Fair enough – but, given values represented in “units of distance per tick”, how do I then rescale them to get the equivalent movement in “units of distance per ms” that you prefer?

You'd do the opposite of multiplying by your fixed dt (if you have 60FPS now, 1/60):

unitsPerSecond = yourUnits * 60;

Thats simply the invers of multiplying by the fixed “dt”.

And given those units, you can then scale them back to any framerate you want:

unitsPerFixedTick = unitsPerSecond * (1 / FPS);

You can store that factor in a constant that you can use throughout your code (then changing the actual framerate is a matter of changing that constant); or you make a “dt” variable that is passes to the functions that need it.

Sorry, I might not have explained the problem well enough.

The answer I'm looking for should involve calculus: how do I correctly rescale my simulation constants so that the paths generated by the simulation follow the same curve in time regardless of sampling frequency.

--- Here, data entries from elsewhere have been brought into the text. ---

lemma cellular_automaton_compose:
  assumes "cellular_automaton A X \<sigma>" "cellular_automaton A X \<tau>"
  shows "cellular_automaton A X (\<lambda>x\<in>X. \<sigma> (\<tau> x))"
  unfolding cellular_automaton_def
proof (intro conjI allI ballI)
  have "continuous_map XT XT (\<sigma> \<circ> \<tau>)"
    using assms continuous_map_compose unfolding cellular_automaton_def by blast
  then show "continuous_map XT XT (\<lambda>x\<in>X. \<sigma> (\<tau> x))"
    by (rule continuous_map_eq) (simp add: topspace_XT)
  show "\<And>g x. x \<in> X \<Longrightarrow> (\<lambda>x\<in>X. \<sigma> (\<tau> x)) (zshift g x) = zshift g ((\<lambda>x\<in>X. \<sigma> (\<tau> x)) x)"
    using assms cellular_automaton_in_X zshift_in_X unfolding cellular_automaton_def by simp
qed simp

lemma cellular_automaton_identity: "cellular_automaton A X (\<lambda>x\<in>X. x)"
  unfolding cellular_automaton_def
  by (auto simp: zshift_in_X topspace_XT intro: continuous_map_eq[OF continuous_map_id])

lemma cellular_automaton_inverse:
  assumes ca: "cellular_automaton A X \<sigma>" and bij: "bij_betw \<sigma> X X"
  shows "cellular_automaton A X (\<lambda>x\<in>X. inv_into X \<sigma> x)"
  unfolding cellular_automaton_def
proof (intro conjI allI ballI)
  have inj: "inj_on \<sigma> X" and onto: "\<sigma> ` X = X" using bij by (auto simp: bij_betw_def)
  have "continuous_map XT XT \<sigma>" using ca by (simp add: cellular_automaton_def)
  then have "homeomorphic_map XT XT \<sigma>"
    by (rule continuous_imp_homeomorphic_map)
      (use compact_space_subtopology[OF compactin_X]
        Hausdorff_space_subtopology[OF Hausdorff_space_fullshift_top] inj onto topspace_XT in auto)
  then obtain \<rho> where "homeomorphic_maps XT XT \<sigma> \<rho>" using homeomorphic_map_maps by blast
  then have \<rho>: "continuous_map XT XT \<rho>" "\<And>y. y \<in> X \<Longrightarrow> \<sigma> (\<rho> y) = y"
    unfolding homeomorphic_maps_def topspace_XT by auto
  have \<rho>_in_X: "\<rho> y \<in> X" if "y \<in> X" for y
    using continuous_map_image_subset_topspace[OF \<rho>(1)] that topspace_XT by blast
  show "continuous_map XT XT (\<lambda>x\<in>X. inv_into X \<sigma> x)"
  proof (rule continuous_map_eq[OF \<rho>(1)])
    fix y assume "y \<in> topspace XT"
    then have y: "y \<in> X" using topspace_XT by blast
    then show "\<rho> y = (\<lambda>x\<in>X. inv_into X \<sigma> x) y"
      using y inj \<rho>_in_X[OF y] \<rho>(2)[OF y] by (metis inv_into_f_eq restrict_apply')
  qed
  fix g x assume x: "x \<in> X"
  define y where "y = inv_into X \<sigma> x"
  have y: "y \<in> X" "\<sigma> y = x" using x onto by (auto simp: y_def inv_into_into f_inv_into_f)
  have "\<sigma> (zshift g y) = zshift g x" using ca y unfolding cellular_automaton_def by blast
  then have "inv_into X \<sigma> (zshift g x) = zshift g y"
    by (rule inv_into_f_eq[OF inj zshift_in_X[OF y(1)]])
  then show "(\<lambda>x\<in>X. inv_into X \<sigma> x) (zshift g x) = zshift g ((\<lambda>x\<in>X. inv_into X \<sigma> x) x)"
    using x zshift_in_X y_def by simp
qed simp

lemma group_Aut: "group (Aut A X)"
proof (rule groupI)
  fix \<sigma> \<tau> assume "\<sigma> \<in> carrier (Aut A X)" "\<tau> \<in> carrier (Aut A X)"
  moreover from this have "bij_betw (\<sigma> \<circ> \<tau>) X X"
    using bij_betw_trans by (auto simp: Aut_carrier)
  then have "bij_betw (\<lambda>x\<in>X. \<sigma> (\<tau> x)) X X"
    by (simp add: comp_def)
  ultimately show "\<sigma> \<otimes>\<^bsub>Aut A X\<^esub> \<tau> \<in> carrier (Aut A X)"
    using cellular_automaton_compose by (auto simp: Aut_def)
next
  show "\<one>\<^bsub>Aut A X\<^esub> \<in> carrier (Aut A X)"
    using cellular_automaton_identity by (simp add: Aut_def bij_betw_def inj_on_def)
next
  fix \<rho> \<sigma> \<tau> assume "\<tau> \<in> carrier (Aut A X)"
  then show "\<rho> \<otimes>\<^bsub>Aut A X\<^esub> \<sigma> \<otimes>\<^bsub>Aut A X\<^esub> \<tau> = \<rho> \<otimes>\<^bsub>Aut A X\<^esub> (\<sigma> \<otimes>\<^bsub>Aut A X\<^esub> \<tau>)"
    using cellular_automaton_in_X by (auto simp: Aut_def)
next
  fix \<sigma> assume "\<sigma> \<in> carrier (Aut A X)"
  then show "\<one>\<^bsub>Aut A X\<^esub> \<otimes>\<^bsub>Aut A X\<^esub> \<sigma> = \<sigma>"
    using cellular_automaton_in_X
    by (auto simp: Aut_def cellular_automaton_def extensional_def fun_eq_iff)
next
  fix \<sigma> assume \<sigma>: "\<sigma> \<in> carrier (Aut A X)"
  then have ca: "cellular_automaton A X \<sigma>" and bij: "bij_betw \<sigma> X X" by (auto simp: Aut_def)
  have "bij_betw (\<lambda>x\<in>X. inv_into X \<sigma> x) X X"
    using bij_betw_inv_into[OF bij]
    by simp
  then have "(\<lambda>x\<in>X. inv_into X \<sigma> x) \<in> carrier (Aut A X)"
    using cellular_automaton_inverse[OF ca bij] by (simp add: Aut_def)
  moreover have "(\<lambda>x\<in>X. inv_into X \<sigma> x) \<otimes>\<^bsub>Aut A X\<^esub> \<sigma> = \<one>\<^bsub>Aut A X\<^esub>"
    using bij cellular_automaton_in_X[OF ca]
    by (auto simp: Aut_def bij_betw_def intro!: restrict_ext)
  ultimately show "\<exists>\<rho>\<in>carrier (Aut A X). \<rho> \<otimes>\<^bsub>Aut A X\<^esub> \<sigma> = \<one>\<^bsub>Aut A X\<^esub>" by blast
qed

sublocale Aut: group "Aut A X"
  by (rule group_Aut)

lemma Aut_inv_apply_left: "\<sigma> \<in> carrier (Aut A X) \<Longrightarrow> z \<in> X \<Longrightarrow> (inv\<^bsub>Aut A X\<^esub> \<sigma>) (\<sigma> z) = z"
  using Aut.l_inv Aut_mult_apply Aut_one_apply by metis

lemma Aut_inv_apply_right: "\<sigma> \<in> carrier (Aut A X) \<Longrightarrow> z \<in> X \<Longrightarrow> \<sigma> ((inv\<^bsub>Aut A X\<^esub> \<sigma>) z) = z"
  using Aut.r_inv Aut_mult_apply Aut_one_apply by metis

lemma subgroup_pointwise_stabilizer:
  assumes "P \<subseteq> X"
  shows "subgroup {\<tau> \<in> carrier (Aut A X). \<forall>z\<in>P. \<tau> z = z} (Aut A X)"
proof (rule Aut.subgroupI)
  show "{\<tau> \<in> carrier (Aut A X). \<forall>z\<in>P. \<tau> z = z} \<noteq> {}"
    using assms Aut.one_closed Aut_one_apply by blast
  show "inv\<^bsub>Aut A X\<^esub> \<sigma> \<in> {\<tau> \<in> carrier (Aut A X). \<forall>z\<in>P. \<tau> z = z}"
    if "\<sigma> \<in> {\<tau> \<in> carrier (Aut A X). \<forall>z\<in>P. \<tau> z = z}" for \<sigma>
    using that assms Aut_inv_apply_left Aut.inv_closed by force
  show "\<sigma> \<otimes>\<^bsub>Aut A X\<^esub> \<tau> \<in> {\<tau> \<in> carrier (Aut A X). \<forall>z\<in>P. \<tau> z = z}"
    if "\<sigma> \<in> {\<tau> \<in> carrier (Aut A X). \<forall>z\<in>P. \<tau> z = z}" "\<tau> \<in> {\<tau> \<in> carrier (Aut A X). \<forall>z\<in>P. \<tau> z = z}"
    for \<sigma> \<tau>
    using that assms Aut_mult_apply Aut.m_closed by auto
qed auto

end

Your proposed solution will work only for terms which effect the position linearly, like velocity (i.e what you propose is the correct approach for calculating “A_to_B_vel”).

However, unfortunately such an approach doesn't work for the acceleration ("A_to_B_acc") and exponential decay ("A_to_B_damp") terms, because their effect on the position of the object is non-linear. This implies that the rescaling formulas need to be non-linear.

For the acceleration term, I would expect to see an expression that includes “dt*dt” somewhere in the answer. For viscous drag I'd imagine there's a pow() or something, since the curve is exponential.